Night sings naked above

Legendary American composer George Crumb records at Chico State

Chico State University received a real honor a couple of days before Thanksgiving, when George Crumb, perhaps the most famous American composer alive, visited its Performing Arts Center recording studio to cut a CD of some of his newest works.

The 73-year-old Crumb, whom critic David Burges refers to as “the best-known composer of his generation … [and as having] … won every major prize and honor” (including the Pulitzer Prize), came to town in search of Chico’s own formidable percussionist, David Colson, who joined Crumb’s entourage (soprano Tony Arnold, flutist Rachel Rudich, double bassist Stephan Tramontozzi and harpist Beverly Wesner-Hoehn) for the recording.

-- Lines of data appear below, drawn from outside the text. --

lemma square_le_entropy_density:
  fixes r K :: real
  assumes r: "0 \<le> r" "r \<le> K" and K: "1 \<le> K"
  shows "(r - 1)\<^sup>2 / (2 * K) \<le> entropy_density r"
proof (cases "r = 0")
  case True
  with K show ?thesis by (simp add: entropy_density_def field_simps)
next
  case False
  with r have r_pos: "0 < r" by simp
  define g where "g t = t * ln t - t + 1 - (t - 1)\<^sup>2 / (2 * K)" for t :: real
  have g_deriv: "(g has_real_derivative ln t - (t - 1) / K) (at t)" if "0 < t" for t
    unfolding g_def using that K
    by (auto intro!: derivative_eq_intros simp: field_simps power2_eq_square)
  have "g 1 \<le> g r"
  proof (cases "r \<le> 1")
    case True
    show ?thesis
    proof (rule DERIV_nonpos_imp_nonincreasing[OF True])
      fix t assume t: "r \<le> t" "t \<le> 1"
      with r_pos have "ln t \<le> t - 1" by (intro ln_le_minus_one) simp
      also have "t - 1 \<le> (t - 1) / K"
        using t K mult_left_mono_neg[of 1 K "t - 1"] by (simp add: le_divide_eq)
      finally show "\<exists>y. (g has_real_derivative y) (at t) \<and> y \<le> 0"
        using g_deriv r_pos t by (intro exI[of _ "ln t - (t - 1) / K"]) auto
    qed
  next
    case False
    then have "1 \<le> r" by simp
    then show ?thesis
    proof (rule DERIV_nonneg_imp_nondecreasing)
      fix t assume t: "1 \<le> t" "t \<le> r"
      have "(t - 1) / K \<le> (t - 1) / t"
        using t r by (intro divide_left_mono) auto
      also have "\<dots> \<le> ln t"
        using ln_diff_le[of 1 t] t by (simp add: field_simps)
      finally show "\<exists>y. (g has_real_derivative y) (at t) \<and> 0 \<le> y"
        using g_deriv t by (intro exI[of _ "ln t - (t - 1) / K"]) auto
    qed
  qed
  with False show ?thesis by (simp add: g_def entropy_density_def)
qed

lemma entropy_density_nonneg:
  assumes "0 \<le> r"
  shows "0 \<le> entropy_density r"
proof -
  have "0 \<le> (r - 1)\<^sup>2 / (2 * max r 1)"
    by simp
  also have "\<dots> \<le> entropy_density r"
    using assms by (intro square_le_entropy_density) auto
  finally show ?thesis .
qed

lemma ent_le_square:
  assumes "0 < m" "0 \<le> s"
  shows "ent m s \<le> (s - m)\<^sup>2 / m"
proof -
  have "ent m s \<le> m * (s / m - 1)\<^sup>2"
    using entropy_density_le_square[of "s / m"] assms
    by (simp add: ent_eq_entropy_density mult_left_mono)
  also have "\<dots> = (s - m)\<^sup>2 / m"
    using assms by (simp add: field_simps power2_eq_square)
  finally show ?thesis .
qed

lemma square_le_ent:
  assumes "0 < m" "m \<le> M" "0 \<le> s" "s \<le> M"
  shows "(s - m)\<^sup>2 / (2 * M) \<le> ent m s"
proof -
  have "(s - m)\<^sup>2 / (2 * M) = m * ((s / m - 1)\<^sup>2 / (2 * (M / m)))"
    using assms by (simp add: field_simps power2_eq_square)
  also have "\<dots> \<le> ent m s"
    unfolding ent_eq_entropy_density[OF assms(1)] using assms
    by (intro mult_left_mono square_le_entropy_density) (auto simp: field_simps)
  finally show ?thesis .
qed

lemma ent_nonneg: "0 < m \<Longrightarrow> 0 \<le> s \<Longrightarrow> 0 \<le> ent m s"
  by (simp add: ent_eq_entropy_density entropy_density_nonneg)

section \<open>The Poisson equation on the torus\<close>

lemma periodic1_shift_nat: "periodic1 f \<Longrightarrow> f (x + real n) = f x"
proof (induction n arbitrary: x)
  case (Suc n)
  then have "f (x + real n + 1) = f x"
    by (simp add: periodic1_def)
  then show ?case by (simp add: ac_simps)
qed simp

lemma periodic1_shift_int:
  assumes "periodic1 f"
  shows "f (x + of_int k) = f x"
proof (cases "0 \<le> k")
  case True
  then show ?thesis
    using periodic1_shift_nat[OF assms, of x "nat k"] by simp
next
  case False
  then show ?thesis
    using periodic1_shift_nat[OF assms, of "x + of_int k" "nat (- k)"] by simp
qed

lemma periodic1_integrable_on_Icc:
  assumes per: "periodic1 g" and int: "g integrable_on {0..1}"
  shows "g integrable_on {a..b}"
proof -
  have unit: "g integrable_on {of_int k..of_int k + 1}" for k
    using integrable_shift_real_ivl[OF int, of "- of_int k"] periodic1_shift_int[OF per, of _ "- k"]
    by (simp add: add.commute)
  have cells: "g integrable_on {of_int k..of_int k + real n}" for k n
  proof (induction n)
    case (Suc n)
    have "g integrable_on {of_int k + real n..of_int k + real (Suc n)}"
      using unit[of "k + int n"] by (simp add: ac_simps)
    with Suc show ?case
      by (rule Henstock_Kurzweil_Integration.integrable_combine[rotated 2]) auto
  qed (use integrable_on_refl[of g "of_int k"] in simp)
  have "b \<le> of_int \<lfloor>a\<rfloor> + real (nat (\<lceil>b\<rceil> - \<lfloor>a\<rfloor>))"
    by (cases "\<lfloor>a\<rfloor> \<le> \<lceil>b\<rceil>") (auto, linarith)
  then have "{a..b} \<subseteq> {of_int \<lfloor>a\<rfloor>..of_int \<lfloor>a\<rfloor> + real (nat (\<lceil>b\<rceil> - \<lfloor>a\<rfloor>))}"
    using of_int_floor_le[of a] by auto
  with cells show ?thesis
    by (rule integrable_on_subinterval)
qed

lemma periodic1_integral_unit_interval:
  assumes per: "periodic1 g" and int: "g integrable_on {0..1}"
  shows "integral {x..x + 1} g = integral {0..1} g"
proof -
  define t where "t = x - of_int \<lfloor>x\<rfloor>"
  have t: "0 \<le> t" "t \<le> 1" unfolding t_def by linarith+
  have "integral {x..x + 1} g = integral {t..t + 1} g"
    using integral_shift_real_ivl[of x "of_int \<lfloor>x\<rfloor>" "x + 1" g] periodic1_shift_int[OF per]
    by (simp add: t_def algebra_simps)
  also have "\<dots> = integral {t..1} g + integral {1..t + 1} g"
    using t by (intro Henstock_Kurzweil_Integration.integral_combine[symmetric]
        periodic1_integrable_on_Icc[OF per int]) auto
  also have "integral {1..t + 1} g = integral {0..t} g"
    using integral_shift_real_ivl[of 1 1 "t + 1" g] per by (simp add: periodic1_def)
  also have "integral {t..1} g + integral {0..t} g = integral {0..1} g"
    using Henstock_Kurzweil_Integration.integral_combine[OF t int] by simp
  finally show ?thesis .
qed

definition primitive :: "(real \<Rightarrow> real) \<Rightarrow> real \<Rightarrow> real" where
  "primitive h x = (if 0 \<le> x then integral {0..x} h else - integral {x..0} h)"

lemma primitive_diff:
  assumes "\<And>a b. h integrable_on {a..b}" "a \<le> b"
  shows "primitive h b - primitive h a = integral {a..b} h"
proof -
  consider "0 \<le> a" | "a < 0" "0 \<le> b" | "b < 0"
    by linarith
  then show ?thesis
  proof cases
    case 1
    then show ?thesis
      using Henstock_Kurzweil_Integration.integral_combine[of 0 a b h] assms by (simp add: primitive_def)
  next
    case 2
    then show ?thesis
      using Henstock_Kurzweil_Integration.integral_combine[of a 0 b h] assms by (simp add: primitive_def)
  next
    case 3
    then show ?thesis
      using Henstock_Kurzweil_Integration.integral_combine[of a b 0 h] assms by (simp add: primitive_def)
  qed
qed

lemma continuous_primitive:
  assumes int: "\<And>a b. h integrable_on {a..b}"
  shows "continuous_on S (primitive h)"
proof -
  have "continuous_on {x - 1..x + 1} (primitive h)" for x
  proof (rule continuous_on_eq)
    show "continuous_on {x - 1..x + 1} (\<lambda>y. primitive h (x - 1) + integral {x - 1..y} h)"
      by (intro continuous_intros indefinite_integral_continuous_1 int)
    show "primitive h (x - 1) + integral {x - 1..y} h = primitive h y" if "y \<in> {x - 1..x + 1}" for y
      using primitive_diff[OF int, of "x - 1" y] that by simp
  qed
  then have "isCont (primitive h) x" for x
    by (rule continuous_on_interior[of "{x - 1..x + 1}"]) auto
  then show ?thesis
    by (simp add: continuous_at_imp_continuous_on)
qed

lemma has_real_derivative_primitive:
  assumes cont: "continuous_on UNIV h"
  shows "(primitive h has_real_derivative h x) (at x)"
proof -
  have cont_Icc: "continuous_on {a..b} h" for a b
    using continuous_on_subset[OF cont subset_UNIV] .
  have int: "h integrable_on {a..b}" for a b
    by (rule integrable_continuous_real[OF cont_Icc])
  have "((\<lambda>y. integral {x - 1..y} h) has_vector_derivative h x) (at x within {x - 1..x + 1})"
    by (intro integral_has_vector_derivative cont_Icc) auto
  moreover have "x \<in> interior {x - 1..x + 1}"
    by simp
  ultimately have "((\<lambda>y. integral {x - 1..y} h) has_real_derivative h x) (at x)"
    unfolding has_real_derivative_iff_has_vector_derivative using at_within_interior by metis
  then have "((\<lambda>y. primitive h (x - 1) + integral {x - 1..y} h) has_real_derivative h x) (at x)"
    using DERIV_add[OF DERIV_const] by simp
  then show ?thesis
  proof (rule has_field_derivative_transform_within_open[where S = "{x - 1<..<x + 1}"])
    show "primitive h (x - 1) + integral {x - 1..y} h = primitive h y" if "y \<in> {x - 1<..<x + 1}" for y
      using primitive_diff[OF int, of "x - 1" y] that by simp
  qed auto
qed

lemma periodic1_primitive:
  assumes per: "periodic1 h" and int: "h integrable_on {0..1}" and mean: "integral {0..1} h = 0"
  shows "periodic1 (primitive h)"
  unfolding periodic1_def
proof
  fix x
  have "primitive h (x + 1) - primitive h x = integral {x..x + 1} h"
    by (intro primitive_diff periodic1_integrable_on_Icc[OF per int]) simp
  with periodic1_integral_unit_interval[OF per int] mean
  show "primitive h (x + 1) = primitive h x" by simp
qed

lemma integral_subtract_mean:
  fixes f :: "real \<Rightarrow> real"
  assumes "f integrable_on {0..1}"
  shows "integral {0..1} (\<lambda>x. f x - integral {0..1} f) = 0"
  using Henstock_Kurzweil_Integration.integral_diff[OF assms integrable_const_ivl] by simp

lemma poisson_sol_exists:
  assumes per: "periodic1 f" and int: "f integrable_on {0..1}" and mean: "integral {0..1} f = 0"
  shows "\<exists>phi. poisson_sol f phi"
proof -
  define g where "g = (\<lambda>x. - f x)"
  have g_per: "periodic1 g" and g_int: "g integrable_on {0..1}" and g_mean: "integral {0..1} g = 0"
    using per int mean by (auto simp: g_def periodic1_def intro: integrable_neg)
  have g_int_Icc: "g integrable_on {a..b}" for a b
    by (rule periodic1_integrable_on_Icc[OF g_per g_int])
  \<comment> \<open>\<open>P\<close>, the future \<open>phi'\<close>, is normalised to mean zero so that its primitive is periodic.\<close>
  define P where "P x = primitive g x - integral {0..1} (primitive g)" for x
  have P_cont: "continuous_on S P" for S
    unfolding P_def by (intro continuous_intros continuous_primitive g_int_Icc)
  have P_per: "periodic1 P"
    using periodic1_primitive[OF g_per g_int g_mean] by (simp add: P_def periodic1_def)
  have P_mean: "integral {0..1} P = 0"
    unfolding P_def by (intro integral_subtract_mean integrable_continuous_real continuous_primitive g_int_Icc)
  define phi where "phi x = primitive P x - integral {0..1} (primitive P)" for x
  have phi_deriv: "(phi has_real_derivative P x) (at x)" for x
    unfolding phi_def using has_real_derivative_primitive[OF P_cont] by (auto intro!: derivative_eq_intros)
  have "periodic1 phi"
    using periodic1_primitive[OF P_per integrable_continuous_real[OF P_cont] P_mean]
    by (simp add: phi_def periodic1_def)
  moreover have "weak_second_deriv phi g"
    unfolding weak_second_deriv_def
  proof (intro conjI allI impI)
    show "phi differentiable (at x)" for x
      using phi_deriv real_differentiable_def by blast
    fix a b :: real assume "a \<le> b"
    then show "g integrable_on {a..b}" "deriv phi b - deriv phi a = integral {a..b} g"
      using primitive_diff[OF g_int_Icc] g_int_Icc by (simp_all add: DERIV_imp_deriv[OF phi_deriv] P_def)
  qed
  moreover have "integral {0..1} phi = 0"
    unfolding phi_def using P_cont
    by (intro integral_subtract_mean integrable_continuous_real continuous_primitive)
  ultimately show ?thesis
    unfolding poisson_sol_def g_def by blast
qed

lemma has_real_derivative_weak_second_deriv:
  "weak_second_deriv phi chi \<Longrightarrow> (phi has_real_derivative deriv phi x) (at x)"
  unfolding weak_second_deriv_def by (simp add: DERIV_deriv_iff_real_differentiable)

lemma continuous_on_deriv_weak_second_deriv:
  assumes "weak_second_deriv phi chi"
  shows "continuous_on {a..b} (deriv phi)"
proof (rule continuous_on_eq)
  have "chi integrable_on {a..b}"
    using assms by (cases "a \<le> b") (auto simp: weak_second_deriv_def integrable_on_empty)
  then show "continuous_on {a..b} (\<lambda>x. deriv phi a + integral {a..x} chi)"
    by (intro continuous_intros indefinite_integral_continuous_1)
  show "deriv phi a + integral {a..x} chi = deriv phi x" if "x \<in> {a..b}" for x
    using assms that unfolding weak_second_deriv_def by (metis atLeastAtMost_iff diff_add_cancel add.commute)
qed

Crumb is a fabulously pictorial composer, so much so that even the stuffiest, opposed-to-anything-modern audience cannot help but be drawn into his world. He manipulates splotches, glissandos, twitterings and bursts of vocal and percussive sound in ways totally analogous to a more traditional composers’ manipulation of notes, so that one suddenly finds him- or herself listening to a totally engaging—if radically new—language and absolutely enjoying it.

Crumb has a delightful sense of humor (greater than that of any other composer I can call to mind), which frequently surfaces in his work—most especially in the “jewel” of his new CD, Madrigals, Books I-IV. These “madrigals” (there are 12 of them) are based on lines from the famous 20th-century Spanish poet, Federico García Lorca.

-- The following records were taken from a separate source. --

(* Let $\Pi$ be a closed subset of $S^1$ such that $S^1\setminus\Pi$ is a disjoint union of open intervals each of length less than $\pi$. Then for every planar convex body $K$ the following are equivalent: (1) $K=\bigcap_{t\in\Pi}H_K(t)$; (2) $\mathbf{n}(K)\subseteq\Pi$.
   Context: A planar convex body is a nonempty compact convex subset of $\mathbb{R}^2$ (possibly with empty interior). $S^1=\mathbb{R}/2\pi\mathbb{Z}$. For $t$ let $u_t=(\cos t,\sin t)$; $p_K(t)=\max_{p\in K}p\cdot u_t$; $H_K(t)=\{p:p\cdot u_t\le p_K(t)\}$ is the tangent half-plane. $\sigma_K$ is the surface area measure of $K$ on $S^1$ (Schneider's $S_1(K,\cdot)$), and $\mathbf{n}(K)$ is the support of $\sigma_K$. *)

theory Defs
  imports "HOL-Analysis.Analysis"
begin

text \<open>Points of the plane are vectors in real^2.  Directions in S^1 = R/2piZ are
  represented by real numbers t (angles); subsets of S^1 by 2pi-periodic subsets of R.\<close>

definition convex_body :: "(real^2) set \<Rightarrow> bool" where
  "convex_body K \<longleftrightarrow> K \<noteq> {} \<and> compact K \<and> convex K"

definition udir :: "real \<Rightarrow> real^2" where
  "udir t = vector [cos t, sin t]"

definition support_fun :: "(real^2) set \<Rightarrow> real \<Rightarrow> real" where
  "support_fun K t = (SUP p\<in>K. p \<bullet> udir t)"

definition tangent_halfplane :: "(real^2) set \<Rightarrow> real \<Rightarrow> (real^2) set" where
  "tangent_halfplane K t = {p. p \<bullet> udir t \<le> support_fun K t}"

definition hausdorff1_pre :: "real \<Rightarrow> (real^2) set \<Rightarrow> ennreal" where
  "hausdorff1_pre \<delta> A = (INF C\<in>{C :: nat \<Rightarrow> (real^2) set.
       A \<subseteq> (\<Union>i. C i) \<and> (\<forall>i. bounded (C i) \<and> diameter (C i) \<le> \<delta>)}.
       (\<Sum>i. ennreal (diameter (C i))))"

definition hausdorff1 :: "(real^2) set \<Rightarrow> ennreal" where
  "hausdorff1 A = (SUP \<delta>\<in>{0<..}. hausdorff1_pre \<delta> A)"

definition rev_sph_image :: "(real^2) set \<Rightarrow> real set \<Rightarrow> (real^2) set" where
  "rev_sph_image K \<omega> = {x\<in>K. \<exists>s\<in>\<omega>. x \<bullet> udir s = support_fun K s}"

definition surface_area_measure :: "(real^2) set \<Rightarrow> real set \<Rightarrow> ennreal" where
  "surface_area_measure K \<omega> = hausdorff1 (rev_sph_image K \<omega>)"

definition normals_supp :: "(real^2) set \<Rightarrow> real set" where
  "normals_supp K = {t. \<forall>\<epsilon>>0. surface_area_measure K {t - \<epsilon><..<t + \<epsilon>} > 0}"

end

theory Submission
  imports Defs
begin

text \<open>
  (1) implies (2): a direction t outside Pi lies in a gap (a, b) of Pi shorter than pi. Every
  support point y of K for a direction of the gap also supports K in direction a, since otherwise
  y + m u(b - pi/2) would, for small m > 0, lie in every tangent half-plane with normal in Pi
  but not in K. Two directions at angle less than pi share at most one support point, so all
  directions of the gap have the same single support point and sigma_K vanishes on (a, b).

  (2) implies (1): if x lies in all these half-planes but not in K, the direction t from the
  nearest point p of K to x lies in a gap (a, b). As x is in the half-planes for a and b, p
  cannot support K in every direction of the gap, so some direction s of the gap has a support
  point other than p. The support sets for the directions between t and s sweep out a connected
  set joining two distinct points, which has positive length, so n(K) meets (a, b).
\<close>

section \<open>One-dimensional Hausdorff measure\<close>

definition delta_covers :: "real \<Rightarrow> (real^2) set \<Rightarrow> (nat \<Rightarrow> (real^2) set) set" where
  "delta_covers \<delta> A = {C. A \<subseteq> (\<Union>i. C i) \<and> (\<forall>i. bounded (C i) \<and> diameter (C i) \<le> \<delta>)}"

García Lorca (a non-political poet and dramatist who was nonetheless murdered during the course of the Spanish Civil War) wrote poetry filled to the brim with vivid visual and sound-enhanced images. So he and Crumb make a perfect match—both in method and, I think, in philosophy. Both tend to look at life from a slightly detached and ironically humorous perspective, a perspective that, it might be said, takes life more seriously than many of the too-serious people engaged in it.

One can see this mixture of irony, humor and visual intensity in many of the single lines on which Crumb bases his music: “The dead wear mossy wings"; “Night sings naked above the bridges of March"; “Through my hands’ violet shadow, your body was an archangel, cold.”

An example of how this works might be found in Crumb’s treatment of García Lorca’s, “La muerte entra y salida de la taberna” (Death goes in and out of the tavern). In Crumb’s arrangement, the flute does an opening-door squeal, which is followed by the jingling of beads. Then this happens again. Clearly, Death has come and gone. Has he taken someone? Has he merely dropped in for a drink? Who knows? But then, Death is like that.

Multiply this by 12, and you have some sense of Crumb’s totally engaging collection of sound-images: syllables bounced about by Ms. Arnold’s exquisitely accurate soprano voice, wood blocks galloping down to the river, a “shshsh” of wind whispered through a vibraphone of raindrops, the spooky whispering of the aforementioned “mossy wings,” a double-stopped string bass watching, like Death.

Absolutely incredible stuff! Go buy the CD when it comes out in March. And remember, it happened here.